## Goal of the exercise
Check every line of the data and copy the ones where "union" appears.
=== Section Start ===
(* Let $S=\{\rho_1=0<\rho_2<\cdots\}$ be an Arf numerical semigroup with conductor $c=\rho_r$. Let $d$ be an odd integer with $1\le d\le 2r-3$, write $d=2t+1$, and put $p_t=c+\rho_{t+1}-1$. Then $$\{\rho\in S:\ \#A[\rho]<d\}\subseteq[0,p_t]\cap S.$$
   Context: A numerical semigroup is a submonoid $S$ of $(\mathbb{N}_0,+)$ with finite complement, with elements listed increasingly. $S$ is Arf if $\rho_i+\rho_j-\rho_k\in S$ for all positive integers $i\ge j\ge k$. The conductor $c$ is the smallest integer such that all integers $\ge c$ lie in $S$, with $c=\rho_r$. For $\rho\in S$, $A[\rho]=\{p\in S:\ \rho-p\in S\}$. *)

theory Defs
  imports Main "HOL-Library.Infinite_Set"
begin

definition numerical_semigroup :: "nat set \<Rightarrow> bool" where
  "numerical_semigroup S \<longleftrightarrow> 0 \<in> S \<and> (\<forall>x\<in>S. \<forall>y\<in>S. x + y \<in> S) \<and> finite (UNIV - S)"

text \<open>The i-th element rho_i of S (1-indexed, increasing order), so rho S 1 = 0.\<close>
definition rho :: "nat set \<Rightarrow> nat \<Rightarrow> nat" where
  "rho S i = enumerate S (i - 1)"

definition Arf :: "nat set \<Rightarrow> bool" where
  "Arf S \<longleftrightarrow> (\<forall>i j k. 1 \<le> k \<and> k \<le> j \<and> j \<le> i \<longrightarrow> rho S i + rho S j - rho S k \<in> S)"

definition conductor :: "nat set \<Rightarrow> nat" where
  "conductor S = (LEAST c. \<forall>n\<ge>c. n \<in> S)"

text \<open>A[rho] = {p in S : rho - p in S}; elements of S are nonnegative, so p \<le> rho.\<close>
definition Aset :: "nat set \<Rightarrow> nat \<Rightarrow> nat set" where
  "Aset S x = {p \<in> S. p \<le> x \<and> x - p \<in> S}"

end

theory Submission
  imports Defs
begin

text \<open>If \<open>x \<ge> c + \<rho>\<^bsub>t+1\<^esub>\<close>, then each of the \<open>t + 1\<close> elements \<open>p = \<rho>\<^sub>1, \<dots>, \<rho>\<^bsub>t+1\<^esub>\<close> lies below
  the conductor while \<open>x - p \<ge> c\<close>, so both \<open>p\<close> and \<open>x - p\<close> belong to \<open>A[x]\<close>, and these
  \<open>2t + 2\<close> numbers are pairwise distinct. Hence \<open>#A[x] \<ge> 2t + 2 > d\<close>.\<close>

lemma numerical_semigroup_infinite: "numerical_semigroup S \<Longrightarrow> infinite S"
  unfolding numerical_semigroup_def
  using Diff_infinite_finite infinite_UNIV_nat by blast

lemma numerical_semigroup_conductor_le_mem:
  assumes "numerical_semigroup S" "conductor S \<le> n"
  shows "n \<in> S"
proof -
  have "finite (UNIV - S)" using assms(1) unfolding numerical_semigroup_def by blast
  then obtain m where "\<forall>y\<in>UNIV - S. y < m" using finite_nat_bounded by blast
  then have "\<forall>n\<ge>m. n \<in> S" by (metis DiffI UNIV_I not_le)
  then have "\<forall>n\<ge>conductor S. n \<in> S" unfolding conductor_def by (rule LeastI)
  with assms(2) show ?thesis by blast
qed

lemma rho_strict_mono: "infinite S \<Longrightarrow> 1 \<le> i \<Longrightarrow> i < j \<Longrightarrow> rho S i < rho S j"
  unfolding rho_def by (simp add: enumerate_mono)

lemma rho_in: "infinite S \<Longrightarrow> rho S i \<in> S"
  unfolding rho_def by (simp add: enumerate_in_set)

lemma finite_Aset: "finite (Aset S x)"
  by (rule finite_subset[of _ "{..x}"]) (auto simp: Aset_def)

lemma card_Aset_ge_double:
  assumes S: "numerical_semigroup S"
    and P: "P \<subseteq> S" "\<forall>p\<in>P. p < conductor S" and x: "\<forall>p\<in>P. conductor S + p \<le> x"
  shows "2 * card P \<le> card (Aset S x)"
proof -
  let ?Q = "(\<lambda>p. x - p) ` P"
  have "finite P" using P(2) finite_nat_set_iff_bounded by blast
  have "inj_on (\<lambda>p. x - p) P"
  proof (rule inj_onI)
    fix p q assume "p \<in> P" "q \<in> P" "x - p = x - q"
    with x show "p = q" by (metis add_leD2 diff_diff_cancel)
  qed
  then have card_Q: "card ?Q = card P" by (rule card_image)
  have "P \<inter> ?Q = {}" using P(2) x by fastforce
  then have "card (P \<union> ?Q) = 2 * card P"
    using card_Un_disjoint[of P ?Q] \<open>finite P\<close> card_Q by simp
  moreover have "P \<union> ?Q \<subseteq> Aset S x"
  proof -
    have "p \<in> Aset S x \<and> x - p \<in> Aset S x" if "p \<in> P" for p
    proof -
      have "p \<le> x" "conductor S \<le> x - p" using x that by auto
      then have "x - p \<in> S" "x - (x - p) = p"
        using numerical_semigroup_conductor_le_mem[OF S] by auto
      then show ?thesis using P(1) that \<open>p \<le> x\<close> by (auto simp: Aset_def)
    qed
    then show ?thesis by blast
  qed
  then have "card (P \<union> ?Q) \<le> card (Aset S x)" by (rule card_mono[OF finite_Aset])
  ultimately show ?thesis by simp
qed

lemma card_Aset_ge_double_rho:
  assumes S: "numerical_semigroup S"
    and k: "rho S k < conductor S" and x: "conductor S + rho S k \<le> x"
  shows "2 * k \<le> card (Aset S x)"
proof -
  have inf: "infinite S" using S by (rule numerical_semigroup_infinite)
  have rho_le: "rho S i \<le> rho S k" if "i \<in> {1..k}" for i
    using rho_strict_mono[OF inf] that by (metis atLeastAtMost_iff le_eq_less_or_eq)
  have "inj_on (rho S) {1..k}"
    by (rule inj_onI) (metis atLeastAtMost_iff linorder_neqE_nat order_less_irrefl rho_strict_mono[OF inf])
  then have "card (rho S ` {1..k}) = k" by (simp add: card_image)
  moreover have "2 * card (rho S ` {1..k}) \<le> card (Aset S x)"
  proof (rule card_Aset_ge_double[OF S])
    show "rho S ` {1..k} \<subseteq> S" using rho_in[OF inf] by blast
    show "\<forall>p\<in>rho S ` {1..k}. p < conductor S" using rho_le k by fastforce
    show "\<forall>p\<in>rho S ` {1..k}. conductor S + p \<le> x" using rho_le x by fastforce
  qed
  ultimately show ?thesis by simp
qed

theorem mainTheorem13:
  fixes S :: "nat set" and r d t :: nat
  assumes "numerical_semigroup S" and "Arf S"
    and "r \<ge> 1" and "rho S r = conductor S"
    and "1 \<le> d" and "d + 3 \<le> 2 * r" and "d = 2 * t + 1"
  shows "{x \<in> S. card (Aset S x) < d} \<subseteq> {0 .. conductor S + rho S (t + 1) - 1} \<inter> S"
proof
  fix x assume x: "x \<in> {x \<in> S. card (Aset S x) < d}"
  have "rho S (t + 1) < conductor S"
    using rho_strict_mono[OF numerical_semigroup_infinite[OF assms(1)], of "t + 1" r] assms
    by simp
  then have "\<not> conductor S + rho S (t + 1) \<le> x"
    using card_Aset_ge_double_rho[OF assms(1), of "t + 1" x] x assms(7) by auto
  then show "x \<in> {0 .. conductor S + rho S (t + 1) - 1} \<inter> S" using x by auto
qed

end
=== Section End ===
## Solution
  then have "card (P \<union> ?Q) = 2 * card P"
  moreover have "P \<union> ?Q \<subseteq> Aset S x"
  then have "card (P \<union> ?Q) \<le> card (Aset S x)" by (rule card_mono[OF finite_Aset])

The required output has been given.